Australia lets contract for Northern Endeavour Phase 1 decommissioning

The Australian Government has awarded a $325 million (Aus.) contract to UK-based Petrofac Facilities Management for the first stage of clean-up at the abandoned Laminaria-Corallina oil fields in the Timor Sea.

Stage one involves the disconnection of the Northern Endeavour FPSO from subsea equipment at the fields, which were abandoned when owner Northern Oil & Gas Australia entered liquidation in 2019.

The government has taken charge of cleanup but passed legislation in Federal Parliament to impose a temporary levy on the industry in Australia to recover the costs of removing infrastructure at the field and remediating the site, delivering on the government’s commitment that Australian taxpayers are not left footing the bill, according to Resources Minister Keith Pitt.
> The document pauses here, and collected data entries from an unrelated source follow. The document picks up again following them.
lemma Prob_mono: "E \<subseteq> F \<Longrightarrow> Prob n \<theta> E \<le> Prob n \<theta> F"
  unfolding Prob_as_pmf by (intro measure_pmf.finite_measure_mono) auto

lemma Prob_le1: "Prob n \<theta> E \<le> 1"
  unfolding Prob_as_pmf by simp

lemma expectation_edge:
  assumes "p \<in> offdiag n"
  shows "measure_pmf.expectation (edge_pmf n \<theta>) (\<lambda>f. if f p then 1 else 0 :: real)
    = edge_prob n \<theta> (fst p) (snd p)"
proof -
  have "measure_pmf.expectation (edge_pmf n \<theta>) (\<lambda>f. if f p then 1 else 0 :: real)
      = measure_pmf.expectation (map_pmf (\<lambda>f. f p) (edge_pmf n \<theta>)) (\<lambda>b. if b then 1 else 0 :: real)"
    by simp
  also have "map_pmf (\<lambda>f. f p) (edge_pmf n \<theta>) = bernoulli_pmf (edge_prob n \<theta> (fst p) (snd p))"
    unfolding edge_pmf_def using assms by (subst Pi_pmf_component) auto
  finally show ?thesis using edge_prob_01 by simp
qed

section \<open>Concentration of the degrees\<close>

lemma hoeffding_edge_count:
  assumes I: "I \<subseteq> offdiag n" "I \<noteq> {}" and t: "0 \<le> t"
  shows "measure_pmf.prob (edge_pmf n \<theta>)
      {f. t \<le> \<bar>(\<Sum>p\<in>I. if f p then 1 else 0) - (\<Sum>p\<in>I. edge_prob n \<theta> (fst p) (snd p))\<bar>}
     \<le> 2 * exp (- 2 * t\<^sup>2 / real (card I))"
proof -
  let ?Q = "edge_pmf n \<theta>"
  have finI: "finite I" using I finite_offdiag finite_subset by blast
  define X where "X p f = (if f p then 1 else 0 :: real)" for p :: "nat \<times> nat" and f
  interpret H: Hoeffding_ineq "measure_pmf ?Q" I X "\<lambda>_. 0" "\<lambda>_. 1"
    "\<Sum>i\<in>I. measure_pmf.expectation ?Q (X i)"
  proof unfold_locales
    show "finite I" by (rule finI)
    have "prob_space.indep_vars (measure_pmf ?Q) (\<lambda>_. count_space UNIV) (\<lambda>x f. f x) (offdiag n)"
      unfolding edge_pmf_def by (rule indep_vars_Pi_pmf) simp
    then have "prob_space.indep_vars (measure_pmf ?Q) (\<lambda>_. count_space UNIV) (\<lambda>x f. f x) I"
      using I(1) by (rule prob_space.indep_vars_subset[OF measure_pmf.prob_space_axioms])
    then have "prob_space.indep_vars (measure_pmf ?Q) (\<lambda>_. borel)
        (\<lambda>p f. (\<lambda>b. if b then 1 else 0 :: real) (f p)) I"
      by (rule prob_space.indep_vars_compose2[OF measure_pmf.prob_space_axioms]) simp
    then show "prob_space.indep_vars (measure_pmf ?Q) (\<lambda>_. borel) X I"
      by (simp add: X_def[abs_def])
    show "AE x in measure_pmf ?Q. X i x \<in> {0..1}" for i
      by (auto simp: X_def)
  qed
  have mu: "(\<Sum>i\<in>I. measure_pmf.expectation ?Q (X i)) = (\<Sum>p\<in>I. edge_prob n \<theta> (fst p) (snd p))"
    using I(1) by (intro sum.cong refl) (auto simp: X_def[abs_def] expectation_edge)
  have pos: "(\<Sum>i\<in>I. (1 - 0)\<^sup>2 :: real) > 0" using finI I(2) by (simp add: card_gt_0_iff)
  have "measure_pmf.prob ?Q {x \<in> space (measure_pmf ?Q).
        t \<le> \<bar>(\<Sum>i\<in>I. X i x) - (\<Sum>i\<in>I. measure_pmf.expectation ?Q (X i))\<bar>}
       \<le> 2 * exp (- 2 * t\<^sup>2 / (\<Sum>i\<in>I. (1 - 0)\<^sup>2))"
    by (rule H.Hoeffding_ineq_abs_ge[OF t pos])
  then show ?thesis unfolding mu by (simp add: X_def)
qed

text \<open>Each out- and in-degree is a sum of \<open>n - 1\<close> independent indicators.\<close>
lemma outdeg_deviation:
  assumes n: "n \<ge> 2" and i: "i < n" and t: "0 \<le> t"
  shows "measure_pmf.prob (edge_pmf n \<theta>)
      {f. t \<le> \<bar>real (outdeg n (as_matrix f) i) - (\<Sum>k\<in>others n i. edge_prob n \<theta> i k)\<bar>}
     \<le> 2 * exp (- 2 * t\<^sup>2 / (real n - 1))"
proof -
  define I where "I = Pair i ` others n i"
  have I: "I \<subseteq> offdiag n" using i by (auto simp: I_def offdiag_def)
  have cI: "card I = n - 1" unfolding I_def using card_others[OF i]
    by (subst card_image) (auto simp: inj_on_def)
  have sum_I: "(\<Sum>p\<in>I. g p) = (\<Sum>k\<in>others n i. g (i, k))" for g :: "nat \<times> nat \<Rightarrow> real"
    unfolding I_def by (subst sum.reindex) (auto simp: inj_on_def)
  have "{f. t \<le> \<bar>real (outdeg n (as_matrix f) i) - (\<Sum>k\<in>others n i. edge_prob n \<theta> i k)\<bar>}
     = {f. t \<le> \<bar>(\<Sum>p\<in>I. if f p then 1 else 0) - (\<Sum>p\<in>I. edge_prob n \<theta> (fst p) (snd p))\<bar>}"
    unfolding sum_I by (simp add: outdeg_def card_as_indicator_sum as_matrix_def)
  also have "measure_pmf.prob (edge_pmf n \<theta>) \<dots> \<le> 2 * exp (- 2 * t\<^sup>2 / real (card I))"
    by (rule hoeffding_edge_count[OF I _ t]) (use cI n in auto)
  finally show ?thesis using cI n by (simp add: of_nat_diff)
qed

lemma indeg_deviation:
  assumes n: "n \<ge> 2" and j: "j < n" and t: "0 \<le> t"
  shows "measure_pmf.prob (edge_pmf n \<theta>)
      {f. t \<le> \<bar>real (indeg n (as_matrix f) j) - (\<Sum>k\<in>others n j. edge_prob n \<theta> k j)\<bar>}
     \<le> 2 * exp (- 2 * t\<^sup>2 / (real n - 1))"
proof -
  define I where "I = (\<lambda>k. (k, j)) ` others n j"
  have I: "I \<subseteq> offdiag n" using j by (auto simp: I_def offdiag_def)
  have cI: "card I = n - 1" unfolding I_def using card_others[OF j]
    by (subst card_image) (auto simp: inj_on_def)
  have sum_I: "(\<Sum>p\<in>I. g p) = (\<Sum>k\<in>others n j. g (k, j))" for g :: "nat \<times> nat \<Rightarrow> real"
    unfolding I_def by (subst sum.reindex) (auto simp: inj_on_def)
  have "{f. t \<le> \<bar>real (indeg n (as_matrix f) j) - (\<Sum>k\<in>others n j. edge_prob n \<theta> k j)\<bar>}
     = {f. t \<le> \<bar>(\<Sum>p\<in>I. if f p then 1 else 0) - (\<Sum>p\<in>I. edge_prob n \<theta> (fst p) (snd p))\<bar>}"
    unfolding sum_I by (simp add: indeg_def card_as_indicator_sum as_matrix_def)
  also have "measure_pmf.prob (edge_pmf n \<theta>) \<dots> \<le> 2 * exp (- 2 * t\<^sup>2 / real (card I))"
    by (rule hoeffding_edge_count[OF I _ t]) (use cI n in auto)
  finally show ?thesis using cI n by (simp add: of_nat_diff)
qed

definition degrees_within :: "nat \<Rightarrow> (nat \<Rightarrow> real) \<Rightarrow> real \<Rightarrow> (nat \<Rightarrow> nat \<Rightarrow> bool) \<Rightarrow> bool" where
  "degrees_within n \<theta> t A \<longleftrightarrow>
    (\<forall>i<n. \<bar>real (outdeg n A i) - (\<Sum>k\<in>others n i. edge_prob n \<theta> i k)\<bar> \<le> t) \<and>
    (\<forall>j<n. \<bar>real (indeg n A j) - (\<Sum>k\<in>others n j. edge_prob n \<theta> k j)\<bar> \<le> t)"

lemma degrees_within_prob:
  assumes n: "n \<ge> 2" and t: "0 \<le> t"
  shows "1 - 4 * real n * exp (- 2 * t\<^sup>2 / (real n - 1)) \<le> Prob n \<theta> {A. degrees_within n \<theta> t A}"
proof -
  define Q where "Q = edge_pmf n \<theta>"
  define R where "R i = {f. t \<le> \<bar>real (outdeg n (as_matrix f) i)
      - (\<Sum>k\<in>others n i. edge_prob n \<theta> i k)\<bar>}" for i
  define C where "C j = {f. t \<le> \<bar>real (indeg n (as_matrix f) j)
      - (\<Sum>k\<in>others n j. edge_prob n \<theta> k j)\<bar>}" for j
  define b where "b = 2 * exp (- 2 * t\<^sup>2 / (real n - 1))"
  define G where "G = {f. degrees_within n \<theta> t (as_matrix f)}"
  have "UNIV - G \<subseteq> (\<Union>i\<in>{..<n}. R i) \<union> (\<Union>j\<in>{..<n}. C j)"
    by (auto simp: G_def degrees_within_def R_def C_def)
  then have "measure_pmf.prob Q (UNIV - G)
      \<le> measure_pmf.prob Q ((\<Union>i\<in>{..<n}. R i) \<union> (\<Union>j\<in>{..<n}. C j))"
    by (intro measure_pmf.finite_measure_mono) auto
  also have "\<dots> \<le> measure_pmf.prob Q (\<Union>i\<in>{..<n}. R i) + measure_pmf.prob Q (\<Union>j\<in>{..<n}. C j)"
    by (rule measure_Un_le) auto
  also have "measure_pmf.prob Q (\<Union>i\<in>{..<n}. R i) \<le> (\<Sum>i<n. measure_pmf.prob Q (R i))"
    by (rule measure_pmf.finite_measure_subadditive_finite) auto
  also have "\<dots> \<le> (\<Sum>i<n. b)"
    unfolding R_def b_def Q_def by (intro sum_mono outdeg_deviation[OF n _ t]) auto
  also have "measure_pmf.prob Q (\<Union>j\<in>{..<n}. C j) \<le> (\<Sum>j<n. measure_pmf.prob Q (C j))"
    by (rule measure_pmf.finite_measure_subadditive_finite) auto
  also have "\<dots> \<le> (\<Sum>j<n. b)"
    unfolding C_def b_def Q_def by (intro sum_mono indeg_deviation[OF n _ t]) auto
  finally have "measure_pmf.prob Q (UNIV - G) \<le> 4 * real n * exp (- 2 * t\<^sup>2 / (real n - 1))"
    by (simp add: b_def)
  moreover have "measure_pmf.prob Q (UNIV - G) = 1 - measure_pmf.prob Q G"
    using measure_pmf.prob_compl[of G Q] by simp
  ultimately show ?thesis unfolding Prob_as_pmf Q_def G_def by simp
qed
The legislation was passed despite disapproval from companies led by Chevron, ExxonMobil, and Shell, who were opposed to funding decommissioning of a site in which they were not involved.

Petrofac expects disconnection of Northern Endeavour to take about 18 months.
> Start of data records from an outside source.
(* For all $n,d\in\mathbb N$, $$\mathbf c_n(\ell_\infty^d(\mathbb C))\ge\frac12\sqrt{\frac{d^n}{(24n)^d}}.$$
   Context: For a complex Banach space $X$ and $n\in\mathbb N$, $\mathbf c_n(X)$ is the smallest constant such that for all $\psi_1,\dots,\psi_n\in X^*$, $\|\psi_1\|\cdots\|\psi_n\|\le \mathbf c_n(X)\,\|\psi_1\cdots\psi_n\|$, where $\psi_1\cdots\psi_n$ is the pointwise product and $\|P\|=\sup_{\|x\|=1}|P(x)|$. $\ell_\infty^d(\mathbb C)$ is $\mathbb C^d$ with the sup norm. *)

theory Defs
  imports "HOL-Analysis.Analysis"
begin

text \<open>The space ell_infinity^d(C): vectors are functions from a finite index type 'd
  (with d = CARD('d)) to the complex numbers, equipped with the sup norm.\<close>

definition supnorm :: "('d::finite \<Rightarrow> complex) \<Rightarrow> real" where
  "supnorm x = Max (range (\<lambda>i. cmod (x i)))"

text \<open>Elements of the dual: complex-linear functionals on C^d (automatically bounded,
  since the space is finite-dimensional).\<close>

definition clinear_functional :: "(('d::finite \<Rightarrow> complex) \<Rightarrow> complex) \<Rightarrow> bool" where
  "clinear_functional \<psi> \<longleftrightarrow>
     (\<forall>x y. \<psi> (\<lambda>i. x i + y i) = \<psi> x + \<psi> y) \<and> (\<forall>c x. \<psi> (\<lambda>i. c * x i) = c * \<psi> x)"

definition polynorm :: "(('d::finite \<Rightarrow> complex) \<Rightarrow> complex) \<Rightarrow> real" where
  "polynorm P = Sup {cmod (P x) | x. supnorm x = 1}"

definition cn_linf :: "'d::finite itself \<Rightarrow> nat \<Rightarrow> real" where
  "cn_linf _ n = Inf {C. \<forall>\<psi> :: nat \<Rightarrow> ('d \<Rightarrow> complex) \<Rightarrow> complex.
        (\<forall>i<n. clinear_functional (\<psi> i)) \<longrightarrow>
        (\<Prod>i<n. polynorm (\<psi> i)) \<le> C * polynorm (\<lambda>x. \<Prod>i<n. \<psi> i x)}"
lemma intertwining_identity:
  assumes "\<forall>m\<ge>N. Y1 v (int m) w1 = 0"
  shows "bar_act UNIV Y3 om v n (F w1 w2) k - F w1 (Y2 v n w2) k
     = (\<Sum>m<N. intertwining_coeff n m *\<^sub>C F (Y1 v (int m) w1) w2 k)"
  using intertwining assms unfolding quasi_intw_def intertwining_coeff_def by (metis (no_types, lifting))

lemma mode_F:
  assumes u: "u \<in> Vgr YV om d" and N: "\<forall>m\<ge>N. Y1 u (int m) w1 = 0"
  shows "Y3 u n (F w1 w2 k) = F w1 (Y2 u n w2) (k + of_int (d - n - 1))
    + (\<Sum>m<N. intertwining_coeff n m *\<^sub>C F (Y1 u (int m) w1) w2 (k + of_int (d - n - 1)))"
  using bar_act_homogeneous[OF u F_gen_eigenspace, where p = n and k = "k + of_int (d - n - 1)"]
    intertwining_identity[OF N, of n w2 "k + of_int (d - n - 1)"]
  by (simp add: algebra_simps)

definition F_span :: "'c set" where
  "F_span = cspan {F w1 w2 k | w1 w2 k. True}"

lemma F_in_F_span: "F w1 w2 k \<in> F_span"
  unfolding F_span_def by (rule cv.span_base) blast

lemma csubspace_F_span: "csubspace F_span"
  unfolding F_span_def by (rule cv.subspace_span)

lemma F_span_induct [consumes 1, case_names zero step]:
  assumes "x \<in> F_span" and "P 0" and "\<And>a w1 w2 k y. P y \<Longrightarrow> P (a *\<^sub>C F w1 w2 k + y)"
  shows "P x"
  using assms(1) unfolding F_span_def
  by (induction rule: cv.span_induct_alt) (use assms(2,3) in auto)

lemma clinear_image_F_span:
  assumes f: "clinear f" and gen: "\<And>w1 w2 k. f (F w1 w2 k) \<in> F_span" and x: "x \<in> F_span"
  shows "f x \<in> F_span"
  using x
proof (induction rule: F_span_induct)
  case zero
  then show ?case using cv.subspace_0[OF csubspace_F_span] by (simp add: clinear_zero[OF f])
next
  case (step a w1 w2 k y)
  then show ?case
    using gen cv.subspace_add[OF csubspace_F_span] cv.subspace_scale[OF csubspace_F_span]
    by (simp add: clinear_add[OF f] clinear_scale[OF f])
qed

lemma mode_F_span:
  assumes w: "w \<in> F_span"
  shows "Y3 v n w \<in> F_span"
proof -
  have F_mode: "Y3 u n (F w1 w2 k) \<in> F_span" if u: "u \<in> Vgr YV om d" for u d w1 w2 k
  proof -
    obtain N where N: "\<forall>m\<ge>N. Y1 u (int m) w1 = 0"
      using truncation1 by blast
    show ?thesis
      unfolding mode_F[OF u N]
      by (intro cv.subspace_add[OF csubspace_F_span] cv.subspace_sum[OF csubspace_F_span]
          cv.subspace_scale[OF csubspace_F_span] F_in_F_span)
  qed
  have "Y3 (comp (Vgr YV om) h v) n w \<in> F_span" for h
    by (intro clinear_image_F_span[OF clinear_mode _ w]) (use F_mode V.comp_decomposition(2) in blast)
  then have "(\<Sum>h\<in>{h. comp (Vgr YV om) h v \<noteq> 0}. Y3 (comp (Vgr YV om) h v) n w) \<in> F_span"
    by (intro cv.subspace_sum[OF csubspace_F_span])
  then show ?thesis
    by (simp add: V.comp_decomposition(3) flip: clinear_sum[OF clinear_mode_vertex])
qed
Kinder Morgan-backed Ruby Pipeline files Chapter 11

Kinder Morgan Inc.-backed Ruby Pipeline LLC, a natural gas pipeline joint venture with Pembina Pipeline Corp., filed to reorganize under Chapter 11 of the Bankruptcy Code in response to a $475 million unsecured bond repayment obligation.

The JV owners will continue to work with Ruby’s bondholders to work out a resolution and Kinder Morgan will continue to operate the pipeline as Chapter 11 permits daily operations to continue.

Ruby Pipeline is a 1.5 bcfd, 680-mile, 42-in. diameter pipeline system that extends from Wyoming to Oregon providing natural gas supplies from the major Rocky Mountain basins to consumers in California, Nevada, and the Pacific Northwest.

ExxonMobil, QatarEnergy sign farmout for block offshore Egypt

ExxonMobil signed an agreement to farm out working interest in an exploration block offshore Egypt to QatarEnergy.

Subject to customary approvals by the government of Egypt, QatarEnergy will hold a 40% working interest in the North Marakia Offshore Block in the Mediterranean Sea, An ExxonMobil affiliate will remain operator with 60% interest.

The block, which covers an area of 4,847 km2 in water depths of 1,000 m to 2,000 m, lies 5 miles offshore Egypt’s northern coast in the Herodotus basin. It was awarded to ExxonMobil in 2020 (OGJ Online, Dec. 30, 2019).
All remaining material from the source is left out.